Still the loading is slow... I suspect the threaded loading code isn't working as expected. Going to disable it and debug further.

9:18 pm

So it was our threaded loading code... no clue why. We had a flag to disable it and now at least loading progresses to the end, but it crashes after that. I have to say my experience so far debugging in Mono for Android has been bad. If I sit too long at a breakpoint the debugger detaches from the OUYA. This seems to be an known bug, but I've not found the fix. Let me know if anyone reading knows the solution to it.

James has returned and he has the gameplay camera controls working... so off to debug the crash after loading so I can test it.

9:56 pm

Finally after struggling with a bunch of Android-isms I got ARMED! gameplay working on the OUYA with camera controls:

The crash during loading was Android trying to be "helpful". Since loading was taking so long I figured it would be best to skip the threaded loading to speed up iteration. Well Android will terminate your app if it stops for too long in the main UI thread... like what would happen in loading. You would think... hey this is a debug build... it should let the code be as slow as it wants, but these are the same people that decided to use JAVA for an OS. /RANTOFF

Summary - 10:05 pm

So i'm calling it a night. My goals were pretty much met and as I expected it was a rather easy to port ARMED! to OUYA. Most of my difficulty came from my inexperience with Android and Mono for Android and outright dumb mistakes on my part.

I will spend some time this week doing some cleanup and fixes and try to get a preview build of ARMED! into the OUYA store in the next week or two.

Comments

That was one of the most interesting blog posts I've read in a while. Very cool to feel like I was doing it myself.

Tom Spilman's picture

Thanks! I hope we can use what I found to make the MonoGame porting process easier moving forward.

Beyond compare saved my ass soooo many times. Great article.

Tom Spilman's picture

Thanks!

I've been using Beyond Compare now since 2007 now... it is an irreplaceable tool.

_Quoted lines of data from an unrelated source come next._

(* For real $u\ge3$, $$P_3(u)=\tfrac12\mathrm{Li}_3\!\left(\frac{1}{u(2-u)}\right)-\mathrm{Li}_3\!\left(\frac1u\right)-\mathrm{Li}_3\!\left(\frac{1}{2-u}\right)+\mathrm{Li}_2\!\left(\frac1u\right)\log(u-2)+\tfrac13\zeta_3-\tfrac12\zeta_2\log(u)+\tfrac1{12}\log^3\!\big(u(u-2)\big)-\tfrac12\log^2(u-2)\log(u).$$
   Context: The functions $P_k$ are defined by $P_0(u)=1$ for $u\ge 0$, and for integers $k\ge1$, $P_k:[k,\infty)\to\mathbb{R}$ is the function with $P_k(k)=0$ and $uP_k'(u)=P_{k-1}(u-1)$ for $u\ge k$. Here $\mathrm{Li}_k(z)=\sum_{n\ge1}z^n/n^k$ for $|z|\le1$ and $\zeta_k=\mathrm{Li}_k(1)$. *)

theory Defs
  imports "HOL-Analysis.Analysis"
begin

text \<open>Real polylogarithm Li_k(z) = sum_{n>=1} z^n / n^k, intended for |z| <= 1.\<close>
definition polylog :: "nat \<Rightarrow> real \<Rightarrow> real" where
  "polylog k z = (\<Sum>n. z ^ (Suc n) / (real (Suc n)) ^ k)"

definition zeta_val :: "nat \<Rightarrow> real" where
  "zeta_val k = polylog k 1"

end

theory Submission
  imports Defs "HOL-Real_Asymp.Real_Asymp"
begin

text \<open>
  Integrating \<open>u P\<^sub>k'(u) = P\<^sub>k\<^sub>-\<^sub>1(u - 1)\<close> gives \<open>P\<^sub>1 = ln\<close> and
  \<open>P\<^sub>2(u) = ln\<^sup>2 u / 2 + Li\<^sub>2(1/u) - \<zeta>\<^sub>2/2\<close>. For the claimed closed form \<open>F\<close> of \<open>P\<^sub>3\<close>
  one checks \<open>u F'(u) = P\<^sub>2(u - 1)\<close>: differentiation produces \<open>Li\<^sub>2\<close> at \<open>1/u\<close>, \<open>1/(2 - u)\<close>
  and \<open>1/(u(2 - u))\<close>, which Landen's identity and the duplication formula reduce to
  \<open>Li\<^sub>2(\<plusminus>1/(u - 1))\<close>. It remains to see \<open>F(3) = 0\<close>, i.e. the evaluation
  \<open>Li\<^sub>3(-1/3) - 2 Li\<^sub>3(1/3) = -ln\<^sup>3 3/6 + \<zeta>\<^sub>2 ln 3 - 13 \<zeta>\<^sub>3/6\<close>, obtained from Landen's
  trilogarithm identity at \<open>1/2, 1/3, 1/4\<close>, duplication at \<open>1/2\<close> and a relation between
  \<open>Li\<^sub>3(\<plusminus>(1 - y)/(1 + y))\<close> and \<open>Li\<^sub>3(1 - y), Li\<^sub>3(1/(1 + y)), Li\<^sub>3(1 - y\<^sup>2)\<close> at \<open>y = 1/2\<close>.
  Every functional equation is proved by showing that the derivative of the difference of its
  two sides vanishes and evaluating at one point, or taking a one-sided limit at \<open>0\<close>.
\<close>

lemma polylog_0 [simp]: "polylog k 0 = 0"
  by (simp add: polylog_def)

lemma summable_polylog:
  fixes z :: real
  assumes "\<bar>z\<bar> < 1"
  shows "summable (\<lambda>n. z ^ Suc n / real (Suc n) ^ k)"
proof (rule summable_comparison_test)
  show "summable (\<lambda>n. \<bar>z\<bar> * \<bar>z\<bar> ^ n)"
    using assms by (intro summable_mult summable_geometric) auto
  have "\<bar>z\<bar> ^ Suc n / real (Suc n) ^ k \<le> \<bar>z\<bar> ^ Suc n" for n
    using divide_left_mono[of 1 "real (Suc n) ^ k" "\<bar>z\<bar> ^ Suc n"] by (simp add: one_le_power)
  then show "\<exists>N. \<forall>n\<ge>N. norm (z ^ Suc n / real (Suc n) ^ k) \<le> \<bar>z\<bar> * \<bar>z\<bar> ^ n"
    by (simp add: abs_divide abs_mult power_abs)
qed

lemma continuous_on_polylog:
  assumes "k \<ge> 2"
  shows "continuous_on {-1..1} (polylog k)"
proof -
  have "summable (\<lambda>n. inverse (real n ^ 2))"
    by (rule inverse_power_summable) auto
  then have summable: "summable (\<lambda>n. 1 / real (Suc n) ^ 2)"
    by (subst (asm) summable_Suc_iff[symmetric]) (simp add: divide_inverse)
  have bound: "norm (z ^ Suc n / real (Suc n) ^ k) \<le> 1 / real (Suc n) ^ 2"
    if "z \<in> {-1..1}" for z :: real and n
  proof -
    have "real (Suc n) ^ 2 \<le> real (Suc n) ^ k"
      using assms by (intro power_increasing) auto
    moreover have "\<bar>z\<bar> ^ Suc n \<le> 1"
      using that by (intro power_le_one) auto
    ultimately show ?thesis
      unfolding real_norm_def abs_divide
      by (intro frac_le) (auto simp: power_abs abs_mult simp del: of_nat_Suc)
  qed
  have "uniform_limit {-1..1} (\<lambda>n z. \<Sum>i<n. z ^ Suc i / real (Suc i) ^ k)
      (\<lambda>z. \<Sum>i. z ^ Suc i / real (Suc i) ^ k) sequentially"
    using bound summable by (rule Weierstrass_m_test)
  then have "continuous_on {-1..1} (\<lambda>z. \<Sum>i. z ^ Suc i / real (Suc i) ^ k)"
    by (rule uniform_limit_theorem[rotated])
      (auto intro!: always_eventually continuous_on_sum continuous_on_divide continuous_intros
        simp del: of_nat_Suc)
  then show ?thesis
    unfolding polylog_def[abs_def] .
qed

lemma continuous_on_polylog_compose:
  assumes "k \<ge> 2" "continuous_on S f" "\<And>x. x \<in> S \<Longrightarrow> f x \<in> {-1..1}"
  shows "continuous_on S (\<lambda>x. polylog k (f x))"
  using continuous_on_compose2[OF continuous_on_polylog[OF assms(1)] assms(2)] assms(3) by blast

lemma tendsto_polylog_compose_at_right:
  assumes "k \<ge> 2" "a < b" "continuous_on {a..b} f" "\<And>x. x \<in> {a..b} \<Longrightarrow> f x \<in> {-1..1}"
  shows "((\<lambda>x. polylog k (f x)) \<longlongrightarrow> polylog k (f a)) (at_right a)"
proof -
  have "continuous_on {a..b} (\<lambda>x. polylog k (f x))"
    by (rule continuous_on_polylog_compose[OF assms(1,3,4)])
  then have "((\<lambda>x. polylog k (f x)) \<longlongrightarrow> polylog k (f a)) (at a within {a..b})"
    using assms(2) by (auto simp: continuous_on_def)
  then show ?thesis
    by (simp add: at_within_Icc_at_right[OF assms(2)])
qed

lemma has_real_derivative_polylog:
  fixes z :: real
  assumes "\<bar>z\<bar> < 1" "z \<noteq> 0"
  shows "(polylog (Suc k) has_real_derivative polylog k z / z) (at z)"
proof -
  define c where "c n = (if n = 0 then 0 else 1 / real n ^ Suc k)" for n
  have summable_c: "summable (\<lambda>n. c n * x ^ n)" if "\<bar>x\<bar> < 1" for x :: real
    using summable_polylog[OF that, of "Suc k"]
    by (subst summable_Suc_iff[symmetric]) (simp add: c_def)
  have power_series: "polylog (Suc k) x = (\<Sum>n. c n * x ^ n)" if "\<bar>x\<bar> < 1" for x :: real
    using suminf_split_head[OF summable_c[OF that]] by (simp add: c_def polylog_def)
  obtain K where K: "\<bar>z\<bar> < K" "K < 1"
    using assms(1) dense by blast
  then have "((\<lambda>x. \<Sum>n. c n * x ^ n) has_real_derivative (\<Sum>n. diffs c n * z ^ n)) (at z)"
    by (intro termdiffs_strong[OF summable_c[of K]]) auto
  moreover have "(\<Sum>n. diffs c n * z ^ n) = polylog k z / z"
  proof -
    have "(\<Sum>n. diffs c n * z ^ n) = (\<Sum>n. z ^ Suc n / real (Suc n) ^ k / z)"
      using assms(2) by (intro suminf_cong) (simp add: diffs_def c_def field_simps del: of_nat_Suc)
    also have "\<dots> = polylog k z / z"
      unfolding polylog_def by (rule suminf_divide[OF summable_polylog[OF assms(1)]])
    finally show ?thesis .
  qed
  moreover have "eventually (\<lambda>x. x \<in> {-1<..<1}) (nhds z)"
    using assms(1) by (intro eventually_nhds_in_open) auto
  then have "eventually (\<lambda>x. polylog (Suc k) x = (\<Sum>n. c n * x ^ n)) (nhds z)"
    by eventually_elim (simp add: power_series abs_less_iff)
  ultimately show ?thesis
    by (simp add: DERIV_cong_ev)
qed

I would really like to see dummy project debugging and exploring performance on OUYA. But really godamn nice job Tom.

Tom Spilman's picture

In theory OUYA performance is just as good if not better than Microsoft Surface RT. They both are based on a Tegra3 CPU/GPU... OUYA just uses the slightly faster one.

The big difference will be most likely be the performance of Mono vs Microsoft .NET and the performance of DirectX vs OpenGL on ARM.

It would be interesting to know the performance differences of Mono vs .NET and DirectX vs OpenGL, did you try any Benchmarks yourself? :)

Good post and thanks for sharing this!here

Impressive post on Android game. I like it. Thanks for Sharing

First as someone new to game development it is refreshing to see mistakes or compile errors and how you go about finding and fixing them. I also just bought a copy for my Surface RT and it looks great so far!